The defunct cryptocurrency exchange FTX has revealed that it has billions of dollars extra, which is more than enough to pay back its clients. After liquidating its remaining assets, the company claims it will have about $16.3 billion, more than enough to pay off its debts, which are now estimated at about $11 billion.
Nearly all FTX clients would get back at least what they lost when the exchange collapsed in November 2022, according to the latest reorganization plan. The new CEO, John Ray, is pleased with the planned chapter 11 plan, which seeks to repay non-governmental creditors interest plus 100% of the amounts claimed in bankruptcy.
A US bankruptcy court must first approve the scheme, though.
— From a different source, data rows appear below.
section \<open>Calculus\<close>

lemma has_vector_derivative_along_line:
  fixes G :: "'a::real_normed_vector \<Rightarrow> 'b::real_normed_vector"
  assumes "(G has_derivative D) (at (x + t *\<^sub>R u))"
  shows "((\<lambda>s. G (x + s *\<^sub>R u)) has_vector_derivative D u) (at t)"
proof -
  have "((\<lambda>s. x + s *\<^sub>R u) has_derivative (\<lambda>s. s *\<^sub>R u)) (at t)"
    by (auto intro!: derivative_eq_intros)
  from has_derivative_compose[OF this assms]
  show ?thesis
    using linear_cmul[OF has_derivative_linear[OF assms]] by (simp add: has_vector_derivative_def)
qed

lemma second_difference_mean_value:
  fixes F :: "'a::real_normed_vector \<Rightarrow> 'b::real_inner"
  assumes h: "0 < h" and F': "\<And>y. y \<in> S \<Longrightarrow> (F has_derivative F' y) (at y)"
    and S: "\<And>s. 0 \<le> s \<Longrightarrow> s \<le> h \<Longrightarrow> x + s *\<^sub>R a \<in> S \<and> x + s *\<^sub>R a + h *\<^sub>R b \<in> S"
  obtains \<sigma> where "0 < \<sigma>" "\<sigma> < h"
    "norm (F (x + h *\<^sub>R a + h *\<^sub>R b) - F (x + h *\<^sub>R a) - F (x + h *\<^sub>R b) + F x - h\<^sup>2 *\<^sub>R v)
      \<le> h * norm (F' (x + \<sigma> *\<^sub>R a + h *\<^sub>R b) a - F' (x + \<sigma> *\<^sub>R a) a - h *\<^sub>R v)"
proof -
  define \<psi> where "\<psi> s = F ((x + h *\<^sub>R b) + s *\<^sub>R a) - F (x + s *\<^sub>R a) - (s * h) *\<^sub>R v" for s
  define \<psi>' where "\<psi>' s = F' (x + s *\<^sub>R a + h *\<^sub>R b) a - F' (x + s *\<^sub>R a) a - h *\<^sub>R v" for s
  have der: "(\<psi> has_derivative (\<lambda>t. t *\<^sub>R \<psi>' s)) (at s)" if "0 \<le> s" "s \<le> h" for s
  proof -
    have eq: "(x + h *\<^sub>R b) + s *\<^sub>R a = x + s *\<^sub>R a + h *\<^sub>R b"
      by (simp add: algebra_simps)
    have "(F has_derivative F' (x + s *\<^sub>R a + h *\<^sub>R b)) (at ((x + h *\<^sub>R b) + s *\<^sub>R a))"
      "(F has_derivative F' (x + s *\<^sub>R a)) (at (x + s *\<^sub>R a))"
      using F' S[OF that] unfolding eq by auto
    from this[THEN has_vector_derivative_along_line]
    have "((\<lambda>s. F ((x + h *\<^sub>R b) + s *\<^sub>R a)) has_vector_derivative F' (x + s *\<^sub>R a + h *\<^sub>R b) a) (at s)"
        "((\<lambda>s. F (x + s *\<^sub>R a)) has_vector_derivative F' (x + s *\<^sub>R a) a) (at s)" .
    then show ?thesis
      unfolding \<psi>_def \<psi>'_def has_vector_derivative_def
      by (auto intro!: derivative_eq_intros simp: algebra_simps)
  qed
  then have "continuous_on {0..h} \<psi>"
    by (auto intro!: continuous_at_imp_continuous_on has_derivative_continuous)
  then obtain \<sigma> where \<sigma>: "0 < \<sigma>" "\<sigma> < h" and "norm (\<psi> h - \<psi> 0) \<le> norm ((h - 0) *\<^sub>R \<psi>' \<sigma>)"
    using mvt_general[OF h, of \<psi> "\<lambda>s t. t *\<^sub>R \<psi>' s"] der by fastforce
  moreover have "\<psi> h - \<psi> 0 = F (x + h *\<^sub>R a + h *\<^sub>R b) - F (x + h *\<^sub>R a) - F (x + h *\<^sub>R b) + F x - h\<^sup>2 *\<^sub>R v"
    unfolding \<psi>_def by (simp add: algebra_simps power2_eq_square)
  ultimately show ?thesis
    using that h unfolding \<psi>'_def by simp
qed

lemma norm_scaleR_add_le:
  assumes "0 \<le> s" "s \<le> h" "0 \<le> t" "t \<le> h"
  shows "norm (s *\<^sub>R a + t *\<^sub>R b) \<le> h * (norm a + norm b)"
proof -
  have "norm (s *\<^sub>R a + t *\<^sub>R b) \<le> s * norm a + t * norm b"
    using norm_triangle_ineq[of "s *\<^sub>R a" "t *\<^sub>R b"] assms by simp
  also have "\<dots> \<le> h * norm a + h * norm b"
    using assms by (intro add_mono mult_right_mono) auto
  finally show ?thesis
    by (simp add: algebra_simps)
qed

lemma second_difference_bound:
  fixes F :: "'a::real_normed_vector \<Rightarrow> 'b::real_inner"
  assumes h: "0 < h" "h * (norm a + norm b) < \<rho>"
    and F': "\<And>y. y \<in> ball x \<rho> \<Longrightarrow> (F has_derivative F' y) (at y)"
    and lin: "\<And>y. y \<in> ball x \<rho> \<Longrightarrow> norm (F' y a - F' x a - Da (y - x)) \<le> c * norm (y - x)"
    and Da: "linear Da" and c: "0 \<le> c"
  shows "norm (F (x + h *\<^sub>R a + h *\<^sub>R b) - F (x + h *\<^sub>R a) - F (x + h *\<^sub>R b) + F x - h\<^sup>2 *\<^sub>R Da b)
    \<le> 2 * c * (norm a + norm b) * h\<^sup>2"
proof -
  define P where "P y = F' y a - F' x a - Da (y - x)" for y
  have P: "norm (P (x + s *\<^sub>R a + t *\<^sub>R b)) \<le> c * (h * (norm a + norm b))"
    and in_ball: "x + s *\<^sub>R a + t *\<^sub>R b \<in> ball x \<rho>"
    if "0 \<le> s" "s \<le> h" "0 \<le> t" "t \<le> h" for s t
  proof -
    have "dist x (x + (s *\<^sub>R a + t *\<^sub>R b)) = norm (s *\<^sub>R a + t *\<^sub>R b)"
      by (metis add_diff_cancel_left' dist_commute dist_norm)
    then show in_ball: "x + s *\<^sub>R a + t *\<^sub>R b \<in> ball x \<rho>"
      using norm_scaleR_add_le[OF that, of a b] h(2) by (simp add: add.assoc)
    show "norm (P (x + s *\<^sub>R a + t *\<^sub>R b)) \<le> c * (h * (norm a + norm b))"
      unfolding P_def using lin[OF in_ball] norm_scaleR_add_le[OF that, of a b] c
      by (simp add: add.assoc order_trans[OF _ mult_left_mono])
  qed
  have S: "x + s *\<^sub>R a \<in> ball x \<rho> \<and> x + s *\<^sub>R a + h *\<^sub>R b \<in> ball x \<rho>" if "0 \<le> s" "s \<le> h" for s
    using in_ball[of s 0] in_ball[of s h] that h(1) by simp
  obtain \<sigma> where \<sigma>: "0 < \<sigma>" "\<sigma> < h" and mvt:
    "norm (F (x + h *\<^sub>R a + h *\<^sub>R b) - F (x + h *\<^sub>R a) - F (x + h *\<^sub>R b) + F x - h\<^sup>2 *\<^sub>R Da b)
      \<le> h * norm (F' (x + \<sigma> *\<^sub>R a + h *\<^sub>R b) a - F' (x + \<sigma> *\<^sub>R a) a - h *\<^sub>R Da b)"
    by (rule second_difference_mean_value[OF h(1) F' S])
  have "F' (x + \<sigma> *\<^sub>R a + h *\<^sub>R b) a - F' (x + \<sigma> *\<^sub>R a) a - h *\<^sub>R Da b
      = P (x + \<sigma> *\<^sub>R a + h *\<^sub>R b) - P (x + \<sigma> *\<^sub>R a + 0 *\<^sub>R b)"
    using Da unfolding P_def by (simp add: linear_add linear_cmul)
  also have "norm \<dots> \<le> 2 * (c * (h * (norm a + norm b)))"
    using P[of \<sigma> h] P[of \<sigma> 0] \<sigma> h(1) norm_triangle_ineq4 by (smt (verit))
  finally have "h * norm (F' (x + \<sigma> *\<^sub>R a + h *\<^sub>R b) a - F' (x + \<sigma> *\<^sub>R a) a - h *\<^sub>R Da b)
      \<le> h * (2 * (c * (h * (norm a + norm b))))"
    using h(1) by (intro mult_left_mono) auto
  then show ?thesis
    using mvt by (simp add: power2_eq_square mult_ac)
qed

lemma second_difference_estimate:
  fixes F :: "'a::real_normed_vector \<Rightarrow> 'b::real_inner"
  assumes r: "r > 0" and F': "\<And>y. y \<in> ball x r \<Longrightarrow> (F has_derivative F' y) (at y)"
    and Da: "((\<lambda>y. F' y a) has_derivative Da) (at x)" and e: "e > 0"
  shows "\<forall>\<^sub>F h in at_right 0.
    norm (F (x + h *\<^sub>R a + h *\<^sub>R b) - F (x + h *\<^sub>R a) - F (x + h *\<^sub>R b) + F x - h\<^sup>2 *\<^sub>R Da b)
      \<le> e * h\<^sup>2"
proof -
  define C where "C = norm a + norm b + 1"
  have C: "C > 0"
    unfolding C_def by (simp add: add_nonneg_pos)
  have "e / (2 * C) > 0"
    using e C by simp
  then obtain d where d: "d > 0" and lin: "\<And>y. norm (y - x) < d \<Longrightarrow>
      norm (F' y a - F' x a - Da (y - x)) \<le> e / (2 * C) * norm (y - x)"
    using Da unfolding has_derivative_at_alt by blast
  have "norm (F (x + h *\<^sub>R a + h *\<^sub>R b) - F (x + h *\<^sub>R a) - F (x + h *\<^sub>R b) + F x - h\<^sup>2 *\<^sub>R Da b)
      \<le> e * h\<^sup>2" if h: "0 < h" "h < min d r / C" for h
  proof -
    have "h * (norm a + norm b) < min d r"
      using h C unfolding C_def by (simp add: pos_less_divide_eq algebra_simps)
    moreover have "(F has_derivative F' y) (at y)" if "y \<in> ball x (min d r)" for y
      using F' that by simp
    moreover have "norm (F' y a - F' x a - Da (y - x)) \<le> e / (2 * C) * norm (y - x)"
      if "y \<in> ball x (min d r)" for y
    proof -
      have "norm (y - x) < d"
        using that by (simp add: dist_norm norm_minus_commute)
      then show ?thesis
        by (rule lin)
    qed
    moreover have "0 \<le> e / (2 * C)"
      using e C by simp
    ultimately have "norm (F (x + h *\<^sub>R a + h *\<^sub>R b) - F (x + h *\<^sub>R a) - F (x + h *\<^sub>R b) + F x - h\<^sup>2 *\<^sub>R Da b)
        \<le> 2 * (e / (2 * C)) * (norm a + norm b) * h\<^sup>2"
      using second_difference_bound[OF h(1)] has_derivative_linear[OF Da] by blast
    also have "\<dots> \<le> e * h\<^sup>2"
      using e C unfolding C_def by (simp add: field_simps)
    finally show ?thesis .
  qed
  moreover have "min d r / C > 0"
    using d r C by simp
  ultimately show ?thesis
    unfolding eventually_at_right_field by blast
qed
lemma nproj_pdiag_eq_0_iff:
  assumes "rank_one_proj p"
  shows "nproj (pdiag p s t) = 0 \<longleftrightarrow> s \<noteq> 0 \<and> t \<noteq> 0"
  using assms by (simp add: nproj_pdiag rank_one_proj_def pdiag_eq_0_iff)

lemma eproj_pdiag_eq_0_iff:
  assumes "rank_one_proj p"
  shows "eproj (pdiag p s t) = 0 \<longleftrightarrow> s \<in> {0, 1} \<and> t \<in> {0, 1}"
proof -
  have "eproj (pdiag p s t) = pdiag p (s - of_bool (s = 1)) (t - of_bool (t = 1))"
    using assms by (simp add: eproj_def sproj_pdiag rank_one_proj_def pdiag_diff)
  then show ?thesis
    by (auto simp: pdiag_eq_0_iff[OF assms])
qed

lemma strict_pdiag_iff:
  assumes "rank_one_proj p" "s \<in> {0..1}" "t \<in> {0..1}"
  shows "strict (pdiag p s t) \<longleftrightarrow> s \<in> {0<..<1} \<and> t \<in> {0<..<1}"
  using assms
  by (auto simp: strict_def pdiag_eq_0_iff sproj_pdiag_eq_0_iff nproj_pdiag_eq_0_iff
      mle_0_pdiag_iff mle_pdiag_mat1_iff)

lemma abs_compatible_pdiag_iff:
  assumes "rank_one_proj p"
  shows "abs_compatible (pdiag p \<alpha> \<beta>) (pdiag p \<gamma> \<delta>) \<longleftrightarrow>
    \<bar>\<alpha> - \<gamma>\<bar> + \<bar>1 - \<alpha> - \<gamma>\<bar> = 1 \<and> \<bar>\<beta> - \<delta>\<bar> + \<bar>1 - \<beta> - \<delta>\<bar> = 1"
proof -
  have "mat 1 - pdiag p \<alpha> \<beta> - pdiag p \<gamma> \<delta> = pdiag p (1 - \<alpha> - \<gamma>) (1 - \<beta> - \<delta>)"
    by (simp add: mat1_diff_pdiag pdiag_diff)
  then show ?thesis
    by (simp add: abs_compatible_def pdiag_diff mabs_pdiag[OF assms] pdiag_add
        pdiag_eq_mat1_iff[OF assms])
qed
lemma loops_insert_at_cup_cap:
  assumes p: "p < length w" and st: "length st = length w"
    and valid: "valid_word n (insert_at p l w)"
    and same_strands: "fst l = fst (w ! p)" and cup_cap: "\<not> st ! p"
  shows "loops n (insert_at p l w) (insert_at p False st) = Suc (loops n w st)"
proof -
  define i where "i = fst l"
  define f where "f = merge_cap_levels p i"
  define C where "C = tangle_edges n i False (Suc p) \<union> tangle_edges n i False p"
  let ?E1 = "diag_edges n (insert_at p l w) (insert_at p False st)"
  let ?T = "\<lambda>s t. tangle_edges n (fst (w ! t)) (st ! t) s"
  have valid_w: "valid_word n w" and i: "1 \<le> i" "i < n"
    using valid p by (simp_all add: valid_word_def i_def)
  have split: "(\<Union>t<length w. F t) = F p \<union> (\<Union>t\<in>{..<length w} - {p}. F t)"
    for F :: "nat \<Rightarrow> ((nat \<times> nat) \<times> (nat \<times> nat)) set"
    using p by blast
  have Tp: "?T s p = tangle_edges n i False s" for s
    using same_strands cup_cap by (simp add: i_def)
  have E1: "?E1 = closing_edges n (Suc (length w)) \<union> (\<Union>t\<in>{..<length w} - {p}. ?T (skip_level p t) t) \<union> C"
    using p st unfolding C_def diag_edges_insert_at[OF less_imp_le[OF p] st] split
    by (simp add: Tp skip_level_def i_def Un_ac)
  have E2: "diag_edges n w st = closing_edges n (length w)
      \<union> (\<Union>t\<in>{..<length w} - {p}. ?T t t) \<union> tangle_edges n i False p"
    unfolding diag_edges_eq split[of "\<lambda>t. ?T t t"] Tp by (simp add: Un_ac)
  have "map_prod f f ` closing_edges n (Suc (length w)) = closing_edges n (length w)"
    using p by (intro map_closing_edges) (auto simp: f_def merge_cap_levels_def merge_levels_def)
  moreover have "map_prod f f ` ?T (skip_level p t) t = ?T t t" if "t \<noteq> p" for t
    using that
    by (intro map_tangle_edges) (auto simp: f_def merge_cap_levels_def merge_levels_def skip_level_def)
  ultimately have image: "map_prod f f ` ?E1 = closing_edges n (length w)
      \<union> (\<Union>t\<in>{..<length w} - {p}. ?T t t) \<union> map_prod f f ` C"
    unfolding E1 image_Un image_UN by simp
  have "card (diag_nodes n (insert_at p l w) // reach ?E1)
      = card (insert (0, 0) (diag_nodes n w) // reach (diag_edges n w st))"
  proof (rule card_quotient_reach_eq[where f = f])
    show "finite (diag_nodes n (insert_at p l w))"
      by (rule finite_diag_nodes)
    show "?E1 \<subseteq> diag_nodes n (insert_at p l w) \<times> diag_nodes n (insert_at p l w)"
      using valid by (rule diag_edges_subset)
    show "f ` diag_nodes n (insert_at p l w) = insert (0, 0) (diag_nodes n w)"
      unfolding f_def using p i by (rule merge_cap_levels_diag_nodes)
    show "map_prod f f ` ?E1 \<subseteq> diag_edges n w st \<union> Id"
      unfolding image E2 using map_merge_cap_levels_caps(1)[of p i n] by (auto simp: f_def C_def)
    show "diag_edges n w st \<subseteq> map_prod f f ` ?E1"
      unfolding image E2 using map_merge_cap_levels_caps(2)[of n i p] by (auto simp: f_def C_def)
    show "(x, y) \<in> reach ?E1"
      if "x \<in> diag_nodes n (insert_at p l w)" "y \<in> diag_nodes n (insert_at p l w)" "f x = f y" for x y
    proof -
      obtain t q t' q' where xy: "x = (t, q)" "y = (t', q')"
        by fastforce
      have "((p, q), (Suc p, q)) \<in> ?E1" if "q \<noteq> i" "q \<noteq> Suc i" "1 \<le> q" "q \<le> n" for q
        using that unfolding E1 C_def by (auto simp: tangle_edges_def)
      moreover have "((Suc p, i), (Suc p, Suc i)) \<in> ?E1"
        unfolding E1 C_def by (auto simp: tangle_edges_def)
      ultimately show ?thesis
        using merge_cap_levels_eq_cases[of p i t q t' q'] that xy
        by (auto simp: f_def intro: r_into_rtrancl)
    qed
  qed
  also have "\<dots> = Suc (loops n w st)"
    unfolding loops_def using valid_w
    by (intro card_quotient_reach_insert_isolated finite_diag_nodes diag_edges_subset) simp_all
  finally show ?thesis
    unfolding loops_def .
qed

lemma loops_insert_at_below_cup_cap:
  assumes p: "p \<le> length w" and st: "length st = length w"
    and valid: "valid_word n (insert_at p (i, e) w)"
  shows "loops n (insert_at p (i, 0) (insert_at p (i, e) w)) (insert_at p False (insert_at p True st))
      = loops n (insert_at p (i, 0) w) (insert_at p False st)"
    and "loops n (insert_at p (i, 0) (insert_at p (i, e) w)) (insert_at p False (insert_at p False st))
      = Suc (loops n (insert_at p (i, 0) w) (insert_at p False st))"
proof -
  have valid0: "valid_word n (insert_at p (i, 0) w)"
    using valid p by (simp add: valid_word_insert_at)
  have "loops n (insert_at p (i, 0) (insert_at p (i, e) w)) (insert_at p False (insert_at p True st))
      = loops n (insert_at (Suc p) (i, e) (insert_at p (i, 0) w)) (insert_at (Suc p) True (insert_at p False st))"
    using p st by (simp add: insert_at_insert_at)
  also have "\<dots> = loops n (insert_at p (i, 0) w) (insert_at p False st)"
    using p st valid0 valid by (intro loops_insert_at_identity) (simp_all add: valid_word_insert_at)
  finally show "loops n (insert_at p (i, 0) (insert_at p (i, e) w)) (insert_at p False (insert_at p True st))
      = loops n (insert_at p (i, 0) w) (insert_at p False st)" .
  have "loops n (insert_at p (i, 0) (insert_at p (i, e) w)) (insert_at p False (insert_at p False st))
      = Suc (loops n (insert_at p (i, e) w) (insert_at p False st))"
    using p st valid by (intro loops_insert_at_cup_cap) (simp_all add: valid_word_insert_at nth_insert_at)
  also have "loops n (insert_at p (i, e) w) (insert_at p False st) = loops n (insert_at p (i, 0) w) (insert_at p False st)"
    by (rule loops_cong) (simp add: map_insert_at)
  finally show "loops n (insert_at p (i, 0) (insert_at p (i, e) w)) (insert_at p False (insert_at p False st))
      = Suc (loops n (insert_at p (i, 0) w) (insert_at p False st))" .
qed

definition Apow :: "int \<Rightarrow> int fls" where
  "Apow k = fls_X_intpow k"

lemma Apow_mult: "Apow a * Apow b = Apow (a + b)"
  unfolding Apow_def by (rule fls_X_intpow_times_fls_X_intpow)

lemma Apow_power: "Apow a ^ k = Apow (int k * a)"
  unfolding Apow_def by (rule fls_X_intpow_power)

lemma Apow_0 [simp]: "Apow 0 = 1"
  by (simp add: Apow_def)

lemma Apow_nth [simp]: "Apow k $$ m = (if m = k then 1 else 0)"
  by (simp add: Apow_def)

lemma Apow_times_nth [simp]: "(Apow k * f) $$ m = f $$ (m - k)"
  by (simp add: Apow_def fls_X_intpow_times_conv_shift)

definition loop_factor :: "int fls" where
  "loop_factor = - Apow 2 - Apow (-2)"

lemma loop_factor_power_nth:
  "(loop_factor ^ k) $$ m = (\<Sum>j\<le>k. if 4 * int j - 2 * int k = m then (-1) ^ k * int (k choose j) else 0)"
proof -
  have sign: "fls_const ((-1::int) ^ k) = (-1) ^ k"
    unfolding fls_const_power by simp
  have "loop_factor ^ k = fls_const ((-1) ^ k) * (Apow 2 + Apow (-2)) ^ k"
    unfolding sign loop_factor_def by (simp add: power_minus[symmetric])
  also have "(Apow 2 + Apow (-2)) ^ k = (\<Sum>j\<le>k. of_nat (k choose j) * Apow (4 * int j - 2 * int k))"
    unfolding binomial_ring
  proof (rule sum.cong[OF refl])
    fix j assume "j \<in> {..k}"
    then have "Apow 2 ^ j * Apow (-2) ^ (k - j) = Apow (4 * int j - 2 * int k)"
      unfolding Apow_power Apow_mult by (simp add: of_nat_diff algebra_simps)
    then show "of_nat (k choose j) * Apow 2 ^ j * Apow (-2) ^ (k - j) =
        of_nat (k choose j) * Apow (4 * int j - 2 * int k)"
      by (simp add: mult.assoc)
  qed
  finally show ?thesis
    by (simp add: fls_nth_sum sum_distrib_left fls_of_nat mult.assoc[symmetric]) (intro sum.cong; auto)
qed

definition bracket :: "nat \<Rightarrow> bword \<Rightarrow> int fls" where
  "bracket n w = (\<Sum>st | length st = length w. Apow (state_exp w st) * loop_factor ^ (loops n w st - 1))"

lemma bracket_nth: "bracket n w $$ m = bracket_coeff n w m"
  unfolding bracket_def bracket_coeff_def Let_def fls_nth_sum Apow_times_nth loop_factor_power_nth
  by (intro sum.cong refl) auto

lemma finite_states: "finite {st :: bool list. length st = L}"
  using finite_lists_length_eq[of "UNIV :: bool set" L] by simp

lemma card_states: "card {st :: bool list. length st = L} = 2 ^ L"
  using card_lists_length_eq[of "UNIV :: bool set" L] by (simp add: card_UNIV_bool)

lemma sum_states_insert_at:
  assumes "p \<le> L"
  shows "(\<Sum>st | length st = Suc L. g st) =
         (\<Sum>st | length st = L. g (insert_at p True st) + g (insert_at p False st))"
proof -
  let ?S = "{st :: bool list. length st = L}"
  let ?ins = "\<lambda>(st, b). insert_at p b st"
  have states: "{st. length st = Suc L} = ?ins ` (?S \<times> UNIV)"
  proof (intro equalityI subsetI)
    fix ys :: "bool list" assume "ys \<in> {st. length st = Suc L}"
    then have "ys = insert_at p (ys ! p) (take p ys @ drop (Suc p) ys)"
      "length (take p ys @ drop (Suc p) ys) = L"
      using assms by (simp_all add: insert_at_def id_take_nth_drop[symmetric] min_def)
    then show "ys \<in> ?ins ` (?S \<times> UNIV)"
      by (intro image_eqI[where x = "(take p ys @ drop (Suc p) ys, ys ! p)"]) auto
  qed auto
  have inj: "inj_on ?ins (?S \<times> UNIV)"
  proof (rule inj_onI)
    fix x y assume "x \<in> ?S \<times> UNIV" "y \<in> ?S \<times> UNIV" "?ins x = ?ins y"
    then show "x = y"
      using insert_at_inject[of p "fst x" "fst y" "snd x" "snd y"] assms by (cases x; cases y) auto
  qed
  have "(\<Sum>st | length st = Suc L. g st) = (\<Sum>x\<in>?S \<times> UNIV. g (?ins x))"
    unfolding states by (rule sum.reindex[OF inj, unfolded comp_def])
  also have "\<dots> = (\<Sum>st\<in>?S. g (insert_at p True st) + g (insert_at p False st))"
    unfolding prod.case_distrib sum.cartesian_product[symmetric] by (simp add: UNIV_bool add.commute)
  finally show ?thesis .
qed

lemma state_exp_insert_at:
  assumes "p \<le> length w" "length st = length w"
  shows "state_exp (insert_at p l w) (insert_at p b st) = state_exp w st + (if b then - snd l else snd l)"
proof -
  have "state_exp v s = sum_list (map (\<lambda>(l, b). if b then - snd l else snd l) (zip v s))"
    if "length s = length v" for v :: bword and s
    using that unfolding state_exp_def by (simp add: sum_list_sum_nth atLeast0LessThan)
  moreover have "zip (insert_at p l w) (insert_at p b st) = insert_at p (l, b) (zip w st)"
    using assms by (simp add: insert_at_def take_zip drop_zip)
  ultimately show ?thesis
    using assms by (simp add: map_insert_at sum_list_insert_at)
qed

text \<open>The bracket of w with a cup-cap tangle on strands i, i+1 inserted at position p;
  the exponent 0 of the inserted letter is a placeholder, since loops ignore exponents.\<close>

definition cup_cap_bracket :: "nat \<Rightarrow> nat \<Rightarrow> nat \<Rightarrow> bword \<Rightarrow> int fls" where
  "cup_cap_bracket n p i w = (\<Sum>st | length st = length w.
     Apow (state_exp w st) * loop_factor ^ (loops n (insert_at p (i, 0) w) (insert_at p False st) - 1))"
According to FTX, it has been collecting money to pay off its debts by liquidating investments and assets owned by its Alameda Research and FTX Ventures companies. Sam Bankman-Fried, who was also a co-founder of FTX, has authority over the cryptocurrency trading firm Alameda.
In spite of the fact that cryptocurrency prices have risen sharply since FTX’s demise, the company stated that their finances were not significantly improved. The report pointed out that the exchange was missing nearly all of the digital currencies, including Bitcoin, that were thought to have been held by it when it collapsed.
There has been a roughly 270% increase in the price of Bitcoin, the largest cryptocurrency, since FTX’s collapse. Before Bankman-Fried’s leadership brought FTX crashing down, it was one of the biggest cryptocurrency platforms in the world, drawing in millions of users. The implosion of the exchange and the exposure of Bankman-Fried’s illicit activities were caused by consumers withdrawing billions of dollars in response to warnings of financial problems.